Delaume, Beauvoir, Camille Laurens et tant d’autres encore. Les femmes doivent-elles s’emparer de leurs récits pour faire émerger leurs voix ? L’autofiction permet-elle de se faire entendre dans une littérature plutôt genrée au masculin historiquement ?
Il se jouerait ici une question sensible, de documentation de la condition féminine, d’écriture à partir de son vécu et son intériorité pour dire l’universel (ou l’universel d’une moitié de la population au moins).
Ce qui compte ce n’est pas tellement de raconter sa vie mais que ce qu’on raconte ait un effet sur sa vie, ou celle des autres.
Car ces récits intimes et dits impudiques dévoilent une réalité.
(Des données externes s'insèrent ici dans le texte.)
lemma run_output_eq_cev:
  assumes "ts \<noteq> []" "\<forall>m<length ts. tlabels (\<rho> (i + m)) = elabels (ts ! m)"
  shows "run_output i (i + length ts - 1) \<rho> = cev i ts"
proof -
  have "k \<in> {i..i + length ts - 1} \<and> X \<in> tlabels (\<rho> k) \<longleftrightarrow> k \<in> marks i ts X" for k X
  proof (cases "i \<le> k \<and> k < i + length ts")
    case True
    then have "k \<in> {i..i + length ts - 1}" "k - i < length ts" "k = i + (k - i)"
      by auto
    moreover from this(2,3) assms(2) have "tlabels (\<rho> k) = elabels (ts ! (k - i))"
      by metis
    ultimately show ?thesis
      unfolding marks_iff using True by simp
  next
    case False
    with assms(1) show ?thesis
      unfolding marks_iff by (cases ts) auto
  qed
  then show ?thesis
    by (auto simp: run_output_def cev_def fun_eq_iff)
qed

lemma run_to_tcea_edges:
  assumes "proper A" "is_run (to_tcea A) S i j \<rho>" "ttgt (\<rho> j) \<in> final (to_tcea A)"
  obtains ts q W where "length ts = Suc (j - i)" "path (edges A) 0 ts q" "(q, W) \<in> accepting A"
    "esrc (last ts) = 0 \<longrightarrow> (\<forall>I\<in>set W. in_ivl 0 I)"
    "\<forall>m<length ts. \<rho> (i + m) = (if Suc m < length ts then inner_trans (ts ! m) else exit_trans (ts ! m) W)"
proof -
  have run: "i \<le> j" "tsrc (\<rho> i) = 0" "\<forall>k\<in>{i..j}. \<rho> k \<in> delta (to_tcea A)"
    "\<forall>k\<in>{i..<j}. ttgt (\<rho> k) = tsrc (\<rho> (Suc k))"
    using assms(2) unfolding is_run_def by auto
  have even_src: "even (tsrc u)" if "u \<in> delta (to_tcea A)" for u
    using that by (cases rule: delta_to_tcea_cases) auto
  have "\<exists>t. t \<in> edges A \<and> \<rho> k = inner_trans t" if k: "k \<in> {i..<j}" for k
  proof -
    have "\<rho> k \<in> delta (to_tcea A)" "even (ttgt (\<rho> k))"
      using k run even_src[of "\<rho> (Suc k)"] by auto
    then show ?thesis
      by (cases rule: delta_to_tcea_cases) auto
  qed
  then obtain tt where tt: "\<forall>k\<in>{i..<j}. tt k \<in> edges A \<and> \<rho> k = inner_trans (tt k)"
    by metis
  have "\<rho> j \<in> delta (to_tcea A)" "ttgt (\<rho> j) = 1"
    using run assms(3) by auto
  then obtain tj W where tj: "tj \<in> edges A" "(etgt tj, W) \<in> accepting A"
    "esrc tj = 0 \<longrightarrow> (\<forall>I\<in>set W. in_ivl 0 I)" "\<rho> j = exit_trans tj W"
    by (cases rule: delta_to_tcea_cases) auto
  define ts where "ts = map tt [i..<j] @ [tj]"
  have len: "length ts = Suc (j - i)"
    by (simp add: ts_def)
  have nth: "ts ! m = (if m < j - i then tt (i + m) else tj)" if "m < length ts" for m
    using that len by (auto simp: ts_def nth_append)
  have \<rho>: "\<forall>m<length ts. \<rho> (i + m) = (if Suc m < length ts then inner_trans (ts ! m) else exit_trans (ts ! m) W)"
  proof (intro allI impI)
    fix m assume m: "m < length ts"
    show "\<rho> (i + m) = (if Suc m < length ts then inner_trans (ts ! m) else exit_trans (ts ! m) W)"
    proof (cases "Suc m < length ts")
      case True
      then have "m < j - i" "i + m \<in> {i..<j}"
        using len by auto
      with tt nth m True show ?thesis
        by auto
    next
      case False
      then have "m = j - i" "i + m = j"
        using len m run(1) by auto
      with tj(4) nth m False show ?thesis
        by auto
    qed
  qed
  have "path (edges A) (esrc (hd ts)) ts (etgt (last ts))"
  proof (rule path_of_links)
    show "set ts \<subseteq> edges A"
      using tt tj(1) by (auto simp: ts_def)
    show "\<forall>m. Suc m < length ts \<longrightarrow> etgt (ts ! m) = esrc (ts ! Suc m)"
    proof (intro allI impI)
      fix m assume m: "Suc m < length ts"
      then have "ttgt (\<rho> (i + m)) = tsrc (\<rho> (i + Suc m))"
        using run(4) len by auto
      with \<rho> m show "etgt (ts ! m) = esrc (ts ! Suc m)"
        by (auto split: if_splits)
    qed
  qed (simp add: ts_def)
  moreover have "esrc (hd ts) = 0" "last ts = tj"
    using \<rho> run(2) len by (auto simp: ts_def hd_conv_nth split: if_splits)
  ultimately show thesis
    using that len tj \<rho> by auto
qed

lemma accepts_imp_cea_sem:
  assumes "proper A" "timed_stream S" "accepts A S i ts"
  shows "cev i ts \<in> cea_sem (to_tcea A) S"
proof -
  obtain q W where acc: "fits S i ts" "steps_ok S i None ts" "path (edges A) 0 ts q" "(q, W) \<in> accepting A"
    "window_ok S i ts W"
    using assms(3) unfolding accepts_def reaches_def by blast
  define \<rho> where "\<rho> k = (if Suc (k - i) < length ts then inner_trans (ts ! (k - i)) else exit_trans (ts ! (k - i)) W)"
    for k
  have \<rho>: "\<forall>m<length ts. \<rho> (i + m) = (if Suc m < length ts then inner_trans (ts ! m) else exit_trans (ts ! m) W)"
    by (simp add: \<rho>_def)
  have "is_run (to_tcea A) S i (i + length ts - 1) \<rho>"
    using is_run_to_tcea_iff[OF assms(1,2) acc(1,3,4) _ \<rho>] acc(2,5) by simp
  moreover have "ts \<noteq> []"
    using acc(1) by (simp add: fits_def)
  then have "ttgt (\<rho> (i + length ts - 1)) \<in> final (to_tcea A)"
    by (simp add: \<rho>_def)
  moreover have "run_output i (i + length ts - 1) \<rho> = cev i ts"
    using \<open>ts \<noteq> []\<close> \<rho> by (intro run_output_eq_cev) auto
  ultimately show ?thesis
    unfolding cea_sem_def by force
qed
D’autant plus quand le récit vient de personnes minoritaires ou discriminées, manière de construire une oeuvre et de donner à voir un sujet.
Sans oublier la dimension cathartique qui entre en jeu pour l’auteur (bien que ce ne soit pas un genre thérapeutique à proprement parler), comme pour le lecteur et la société entière.
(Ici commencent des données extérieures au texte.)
text \<open>
  Along every arc of \<open>D\<^sup>+\<close> the distance \<open>d\<^sub>s\<close> strictly increases, and this grading is all
  that is used. An \<open>s\<close>-dominator of \<open>x\<close> lies on every \<open>s\<close>--\<open>x\<close> path, so all of them are
  comparable under \<open>\<prec>\<close>, and the immediate dominator is the one with the largest value of
  \<open>d\<^sub>s\<close>. If \<open>y \<prec> x\<close>, then an \<open>s\<close>--\<open>y\<close> path followed by a \<open>y\<close>--\<open>x\<close> path passes through
  \<open>I\<^sub>s(x)\<close>: on the first piece this gives \<open>I\<^sub>s(x) \<preceq> y\<close>, on the second \<open>y \<prec> I\<^sub>s(x)\<close>.
  The claim for \<open>I\<^sub>t\<close> is the same fact for the reversed DAG, graded by \<open>-d\<^sub>s\<close>.
\<close>

section \<open>Walks and shortest paths\<close>

lemma walk_Cons2: "walk V E (a # b # xs) \<longleftrightarrow> a \<in> V \<and> {a, b} \<in> E \<and> walk V E (b # xs)"
  unfolding walk_def by (auto simp: less_Suc_eq_0_disj)

lemma walk_singleton: "walk V E [a] \<longleftrightarrow> a \<in> V"
  unfolding walk_def by auto

lemma walk_hd_in: "walk V E (a # xs) \<Longrightarrow> a \<in> V"
  unfolding walk_def by auto
lemma local_op_braid:
  assumes "Suc (Suc p) < k" "teq l k A (local_op p M)" "teq l k B (local_op (Suc p) M)"
    and "braid_relation l M"
  shows "teq l k (tmul l k (tmul l k A B) A) (tmul l k (tmul l k B A) B)"
proof -
  have "teq l k (tmul l k (tmul l k (local_op p M) (local_op (Suc p) M)) (local_op p M))
                (tmul l k (tmul l k (local_op (Suc p) M) (local_op p M)) (local_op (Suc p) M))"
    unfolding teq_def
  proof (intro ballI)
    fix w u assume w: "w \<in> words l k" and u: "u \<in> words l k"
    define a1 a2 a3 c1 c2 c3 where "a1 = w ! p" "a2 = w ! Suc p" "a3 = w ! Suc (Suc p)"
      "c1 = u ! p" "c2 = u ! Suc p" "c3 = u ! Suc (Suc p)"
    have in_l: "a1 \<in> {1..l}" "a2 \<in> {1..l}" "a3 \<in> {1..l}" "c1 \<in> {1..l}" "c2 \<in> {1..l}" "c3 \<in> {1..l}"
      unfolding a1_a2_a3_c1_c2_c3_def using assms(1) w u by (blast intro: nth_words Suc_lessD)+
    have "tmul l k (tmul l k (local_op p M) (local_op (Suc p) M)) (local_op p M) w u
        = (\<Sum>x\<in>{1..l}. \<Sum>y\<in>{1..l}. (if agree_outside {p, Suc p, Suc (Suc p)} w u
             then \<Sum>z\<in>{1..l}. M (a1, a2) (x, z) * M (z, a3) (y, c3) else 0) * M (x, y) (c1, c2))"
      unfolding tmul_local_op_right[OF Suc_lessD[OF assms(1)] u] a1_a2_a3_c1_c2_c3_def
      by (intro sum.cong refl) (simp add: tmul_local_op_local_op_Suc[OF assms(1) w u])
    also have "\<dots> = (if agree_outside {p, Suc p, Suc (Suc p)} w u
           then \<Sum>x\<in>{1..l}. \<Sum>y\<in>{1..l}. \<Sum>z\<in>{1..l}. M (a1, a2) (x, z) * M (z, a3) (y, c3) * M (x, y) (c1, c2)
           else 0)"
      by (simp add: sum_distrib_right)
    also have "\<dots> = (if agree_outside {p, Suc p, Suc (Suc p)} w u
           then \<Sum>x\<in>{1..l}. \<Sum>y\<in>{1..l}. \<Sum>z\<in>{1..l}. M (a2, a3) (z, y) * M (a1, z) (c1, x) * M (x, y) (c2, c3)
           else 0)"
      using assms(4) in_l unfolding braid_relation_def by simp
    also have "\<dots> = (\<Sum>x\<in>{1..l}. \<Sum>y\<in>{1..l}. (if agree_outside {p, Suc p, Suc (Suc p)} w u
             then \<Sum>z\<in>{1..l}. M (a2, a3) (z, y) * M (a1, z) (c1, x) else 0) * M (x, y) (c2, c3))"
      by (simp add: sum_distrib_right)
    also have "\<dots> = tmul l k (tmul l k (local_op (Suc p) M) (local_op p M)) (local_op (Suc p) M) w u"
      unfolding tmul_local_op_right[OF assms(1) u] a1_a2_a3_c1_c2_c3_def
      by (intro sum.cong refl) (simp add: tmul_local_op_Suc_local_op[OF assms(1) w u])
    finally show "tmul l k (tmul l k (local_op p M) (local_op (Suc p) M)) (local_op p M) w u
        = tmul l k (tmul l k (local_op (Suc p) M) (local_op p M)) (local_op (Suc p) M) w u" .
  qed
  then show ?thesis
    using teq_tmul[OF teq_tmul[OF assms(2,3)] assms(2)] teq_tmul[OF teq_tmul[OF assms(3,2)] assms(3)]
    by (meson teq_sym teq_trans)
qed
On pense forcément en ce moment au récent Triste Tigre de Neige Sinno (que je n’ai pas encore osé lire ; pour les mêmes raisons qu’avance Margaux Brugvin ici mais j’y viendrai à mon tour). La question de l’inceste y est explorée de manière personnelle mais avec une forme et une force universelle, pour contribuer à éveiller la société à ce sujet.
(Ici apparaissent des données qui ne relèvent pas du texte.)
(* Let $p$ be an odd prime, $r\ge3$ with $p\nmid r$, let $V_1=\mathbb{Z}_p^{d_1}$, $V_2=\mathbb{Z}_p^{d_2}$, and let $G=(V_1\times V_2)\rtimes_{(\psi_1,\psi_2)}\mathrm{D}_{2r}$, where $\psi_i:\mathrm{D}_{2r}\to\mathrm{GL}(V_i)$ is irreducible over $\mathbb{F}_p$ for $i=1,2$. If $G$ has a rotary pair $(\rho,\tau)$ with $|\rho|=2p$ and $|\tau|=2$, then $\psi_1\not\cong\psi_2$.
   Context: A rotary pair of $G$ is $(\rho,\tau)\in G\times G$ with $G=\langle\rho,\tau\rangle$ and $|\tau|=2$. $(V_1\times V_2)\rtimes_{(\psi_1,\psi_2)}\mathrm{D}_{2r}$ is the semidirect product in which $\mathrm{D}_{2r}$ acts on $V_i=\mathbb{F}_p^{d_i}$ via $\psi_i$ componentwise. *)

theory Defs
  imports "HOL-Analysis.Analysis" "HOL-Algebra.Multiplicative_Group" "HOL-Algebra.Generated_Groups"
begin

text \<open>Dihedral group of order 2r: element (a, e) stands for rho^a sigma^e with
  a < r, sigma rho sigma = rho^-1.\<close>
definition dihedral :: "nat \<Rightarrow> (nat \<times> bool) monoid" where
  "dihedral r = \<lparr> carrier = {0..<r} \<times> UNIV,
     mult = (\<lambda>(a, e) (b, f). ((if e then a + (r - b) else a + b) mod r, e \<noteq> f)),
     one = (0, False) \<rparr>"

definition dihedral_rep :: "nat \<Rightarrow> (nat \<times> bool \<Rightarrow> 'k::field ^'n ^'n) \<Rightarrow> bool" where
  "dihedral_rep r \<psi> \<longleftrightarrow> \<psi> \<one>\<^bsub>dihedral r\<^esub> = mat 1 \<and>
     (\<forall>g\<in>carrier (dihedral r). \<forall>h\<in>carrier (dihedral r).
        \<psi> (g \<otimes>\<^bsub>dihedral r\<^esub> h) = \<psi> g ** \<psi> h)"

definition k_subspace :: "('k::field ^'n) set \<Rightarrow> bool" where
  "k_subspace W \<longleftrightarrow> 0 \<in> W \<and> (\<forall>v\<in>W. \<forall>w\<in>W. v + w \<in> W) \<and> (\<forall>c. \<forall>v\<in>W. c *s v \<in> W)"

definition irreducible_rep :: "nat \<Rightarrow> (nat \<times> bool \<Rightarrow> 'k::field ^'n ^'n) \<Rightarrow> bool" where
  "irreducible_rep r \<psi> \<longleftrightarrow> dihedral_rep r \<psi> \<and> (\<exists>v::'k^'n. v \<noteq> 0) \<and>
     (\<forall>W. k_subspace W \<and> (\<forall>g\<in>carrier (dihedral r). \<forall>v\<in>W. \<psi> g *v v \<in> W)
          \<longrightarrow> W = {0} \<or> W = UNIV)"

definition rep_iso :: "nat \<Rightarrow> (nat \<times> bool \<Rightarrow> 'k::field ^'n1 ^'n1) \<Rightarrow> (nat \<times> bool \<Rightarrow> 'k ^'n2 ^'n2) \<Rightarrow> bool" where
  "rep_iso r \<psi>1 \<psi>2 \<longleftrightarrow> (\<exists>(T::'k^'n1^'n2) (S::'k^'n2^'n1). T ** S = mat 1 \<and> S ** T = mat 1 \<and>
     (\<forall>g\<in>carrier (dihedral r). T ** \<psi>1 g = \<psi>2 g ** T))"

definition semidirect :: "nat \<Rightarrow> (nat \<times> bool \<Rightarrow> 'k::field ^'n1 ^'n1) \<Rightarrow> (nat \<times> bool \<Rightarrow> 'k ^'n2 ^'n2)
    \<Rightarrow> (('k^'n1) \<times> ('k^'n2) \<times> (nat \<times> bool)) monoid" where
  "semidirect r \<psi>1 \<psi>2 = \<lparr> carrier = UNIV \<times> UNIV \<times> carrier (dihedral r),
     mult = (\<lambda>(v1, v2, g) (w1, w2, h). (v1 + \<psi>1 g *v w1, v2 + \<psi>2 g *v w2, g \<otimes>\<^bsub>dihedral r\<^esub> h)),
     one = (0, 0, \<one>\<^bsub>dihedral r\<^esub>) \<rparr>"

definition rotary_pair :: "('a, 'b) monoid_scheme \<Rightarrow> 'a \<Rightarrow> 'a \<Rightarrow> bool" where
  "rotary_pair G \<rho> \<tau> \<longleftrightarrow> \<rho> \<in> carrier G \<and> \<tau> \<in> carrier G \<and>
     generate G {\<rho>, \<tau>} = carrier G \<and> group.ord G \<tau> = 2"

end

(* Suppose psi1 and psi2 are isomorphic and write rho = (u, s), tau = (w, t) with u, w in V1 x V2 and
   s, t in D_2r.  The images s, t generate D_2r and s^(2p) = 1 with p coprime to r, so s is a
   reflection: a rotation of order at most 2 is central and would generate, together with t, at most
   four elements.  Since rho^2 <> 1, the vector u + s u is nonzero.  In an irreducible representation
   of D_2r (char <> 2), two eigenvectors of a reflection for the same eigenvalue are related by an
   endomorphism; with the isomorphism V2 = V1 this yields a nonzero additive equivariant map
   P : V1 x V2 -> V1 killing u + s u.  Then s (P u) = - P u and t (P w) = - P w, and the same
   endomorphism argument gives one n in V1 with P u = n - s n and P w = n - t n.  So the crossed
   homomorphism (v, g) |-> P v - (n - g n) vanishes on the generators rho, tau, hence on all of G,
   and in particular P = 0 on V1 x V2, a contradiction. *)

theory Submission
  imports Defs "HOL-Number_Theory.Residues"
begin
Finalement quand le sujet est crucial, nécessaire, qu’importe qui l’écrit et qui est le je ? On ne s’attachera pas à la personne en tant que telle mais à l’exploration du sujet.
Cela soulève la question de savoir d’où écrit un auteur ou une autrice, à partir de quel matériau. Son imagination seule ou son rapport à l’existence. Quelles voix désirent-ils faire entendre ? Que cherchent-ils à produire ?
S’il reste indéniable qu'à partir de son vécu, on peut écrire autre chose que sur soi, le choix de ce genre et de cette narration engage l’auteur·e. Cela confère une force au récit et une résonance accrue dans une époque qui glorifie l’être, l’individu et la mise en scène de soi.
Ce genre laisse à penser, à tort, que quiconque vit pourrait écrire sur son expérience, sur lui. Parler de soi comme sur un statut Facebook pour partager sa poisse du jour n’a rien à voir avec la volonté de dire une époque, de faire la lumière sur une condition, des faits universels, intimes et politiques donc.
Il ne suffit pas de retranscrire son existence pour faire oeuvre. Il faut user de ce matériel, le travailler, amorcer une recherche sur le style, la forme et les enjeux du texte pour que naisse la littérature.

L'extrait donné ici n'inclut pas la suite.